Scraping and crawling with `WebIngestor`, `ContentExtractor`, and `SitemapCrawler`.


In [6]:
from semantica.ingest import WebIngestor, ContentExtractor, SitemapCrawler, RobotsChecker

# --- ContentExtractor ---
extractor = ContentExtractor()
html_content = "<html><body><h1>Hello World</h1><p>This is a test.</p><a href='/link'>Link</a></body></html>"
text = extractor.extract_text(html_content)
links = extractor.extract_links(html_content, base_url="https://example.com")
print(f"Extracted Text: {text}")
print(f"Extracted Links: {links}")

# --- RobotsChecker ---
checker = RobotsChecker()
can_fetch = checker.can_fetch("https://www.google.com/search", "MyBot")
print(f"Can fetch google search? {can_fetch}")

# --- WebIngestor ---
web_ingestor = WebIngestor(delay=1.0)
try:
    web_content = web_ingestor.ingest_url("https://example.com")
    print(f"Web Content Title: {web_content.title}")
except Exception as e:
    print(f"Web ingest failed: {e}")

# --- SitemapCrawler ---
crawler = SitemapCrawler()
try:
    urls = crawler.parse_sitemap("https://www.google.com/sitemap.xml")
    print(f"Found {len(urls)} URLs in sitemap")
except Exception as e:
    print(f"Sitemap crawl failed: {e}")

Extracted Text: Hello WorldThis is a test.Link
Extracted Links: ['https://example.com/link']

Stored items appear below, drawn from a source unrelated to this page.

(* Let $G$ be a finite connected graph, fix an arbitrary orientation $\varepsilon$ of $G$ (the normal orientation) and a total order on $E(G)$. Then every Eulerian equivalence class of $\mathcal{BO}(G)$ contains exactly one reduced orientation.
   Context: An orientation assigns a direction to each edge. $\mathcal{BO}(G)$ is the set of orientations of $G$ with no nonempty directed cut, i.e. (for connected $G$) the totally cyclic orientations, in which every edge lies on a directed cycle. Two orientations $\varepsilon_1,\varepsilon_2$ are Eulerian equivalent if the spanning subgraph formed by the edges $\{e:\varepsilon_1(e)\neq\varepsilon_2(e)\}$, oriented by $\varepsilon_1$, has in-degree equal to out-degree at every vertex. Given the normal orientation $\varepsilon$ and the total order, an orientation $\varepsilon'$ is reduced if for every edge $e$, either $\varepsilon'(e)=\varepsilon(e)$, or there is no cycle that is directed with respect to $\varepsilon'$, contains $e$, and has all its other edges smaller than $e$. *)

theory Defs
  imports Main
begin

(* A finite multigraph (loops and parallel edges allowed): vertex set V, edge set E,
   and ends e = (tail, head) of e in the fixed NORMAL orientation epsilon.
   An orientation is encoded by the set R \<subseteq> E of edges on which it differs from
   epsilon. *)

definition graph :: "'v set \<Rightarrow> 'e set \<Rightarrow> ('e \<Rightarrow> 'v \<times> 'v) \<Rightarrow> bool" where
  "graph V E ends \<longleftrightarrow> finite V \<and> finite E \<and>
     (\<forall>e\<in>E. fst (ends e) \<in> V \<and> snd (ends e) \<in> V)"

definition connected_graph :: "'v set \<Rightarrow> 'e set \<Rightarrow> ('e \<Rightarrow> 'v \<times> 'v) \<Rightarrow> bool" where
  "connected_graph V E ends \<longleftrightarrow>
     (\<forall>u\<in>V. \<forall>v\<in>V. (u, v) \<in> ({(a, b). \<exists>e\<in>E. ends e = (a, b) \<or> ends e = (b, a)})\<^sup>*)"

definition arc :: "('e \<Rightarrow> 'v \<times> 'v) \<Rightarrow> 'e set \<Rightarrow> 'e \<Rightarrow> 'v \<times> 'v" where
  "arc ends R e = (if e \<in> R then (snd (ends e), fst (ends e)) else ends e)"

definition orientations :: "'e set \<Rightarrow> 'e set set" where
  "orientations E = {R. R \<subseteq> E}"

definition has_nonempty_dcut :: "'v set \<Rightarrow> 'e set \<Rightarrow> ('e \<Rightarrow> 'v \<times> 'v) \<Rightarrow> 'e set \<Rightarrow> bool" where
  "has_nonempty_dcut V E ends R \<longleftrightarrow>
     (\<exists>S \<subseteq> V.
        (let cut = {e\<in>E. (fst (ends e) \<in> S) \<noteq> (snd (ends e) \<in> S)} in
          cut \<noteq> {} \<and> (\<forall>e\<in>cut. fst (arc ends R e) \<in> S \<and> snd (arc ends R e) \<notin> S)))"

definition BO :: "'v set \<Rightarrow> 'e set \<Rightarrow> ('e \<Rightarrow> 'v \<times> 'v) \<Rightarrow> 'e set set" where
  "BO V E ends = {R \<in> orientations E. \<not> has_nonempty_dcut V E ends R}"

definition eulerian_equiv :: "'v set \<Rightarrow> 'e set \<Rightarrow> ('e \<Rightarrow> 'v \<times> 'v) \<Rightarrow> 'e set \<Rightarrow> 'e set \<Rightarrow> bool" where
  "eulerian_equiv V E ends R1 R2 \<longleftrightarrow>
     (let D = {e\<in>E. (e \<in> R1) \<noteq> (e \<in> R2)} in
       \<forall>v\<in>V. card {e\<in>D. fst (arc ends R1 e) = v} = card {e\<in>D. snd (arc ends R1 e) = v})"

definition dcycle :: "'e set \<Rightarrow> ('e \<Rightarrow> 'v \<times> 'v) \<Rightarrow> 'e set \<Rightarrow> 'e list \<Rightarrow> bool" where
  "dcycle E ends R es \<longleftrightarrow> es \<noteq> [] \<and> set es \<subseteq> E \<and> distinct es \<and>
     distinct (map (\<lambda>e. fst (arc ends R e)) es) \<and>
     (\<forall>i<length es. snd (arc ends R (es ! i)) = fst (arc ends R (es ! ((i + 1) mod length es))))"

definition reduced :: "'e set \<Rightarrow> ('e \<Rightarrow> 'v \<times> 'v) \<Rightarrow> ('e \<Rightarrow> 'e \<Rightarrow> bool) \<Rightarrow> 'e set \<Rightarrow> bool" where
  "reduced E ends lt R \<longleftrightarrow>
     (\<forall>e\<in>E. e \<notin> R \<or>
        \<not> (\<exists>es. dcycle E ends R es \<and> e \<in> set es \<and> (\<forall>f\<in>set es. f \<noteq> e \<longrightarrow> lt f e)))"

definition strict_total_order_on :: "'e set \<Rightarrow> ('e \<Rightarrow> 'e \<Rightarrow> bool) \<Rightarrow> bool" where
  "strict_total_order_on E lt \<longleftrightarrow>
     (\<forall>x\<in>E. \<not> lt x x) \<and>
     (\<forall>x\<in>E. \<forall>y\<in>E. \<forall>z\<in>E. lt x y \<longrightarrow> lt y z \<longrightarrow> lt x z) \<and>
     (\<forall>x\<in>E. \<forall>y\<in>E. x \<noteq> y \<longrightarrow> lt x y \<or> lt y x)"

TypeError: RobotsChecker.can_fetch() takes 2 positional arguments but 3 were given

## 4. Feed Ingestion

Consuming RSS/Atom feeds with `FeedIngestor` and monitoring with `FeedMonitor`.


In [None]:
from semantica.ingest import FeedIngestor, FeedMonitor
import time

# --- FeedIngestor ---
feed_ingestor = FeedIngestor()
try:
    feed_data = feed_ingestor.ingest_feed("https://feeds.feedburner.com/oreilly/radar")
    print(f"Feed Title: {feed_data.title}")
except Exception as e:
    print(f"Feed ingest failed: {e}")

# --- FeedMonitor ---
def feed_callback(feed_data):
    print(f"Feed Updated: {feed_data.title} with {len(feed_data.items)} items")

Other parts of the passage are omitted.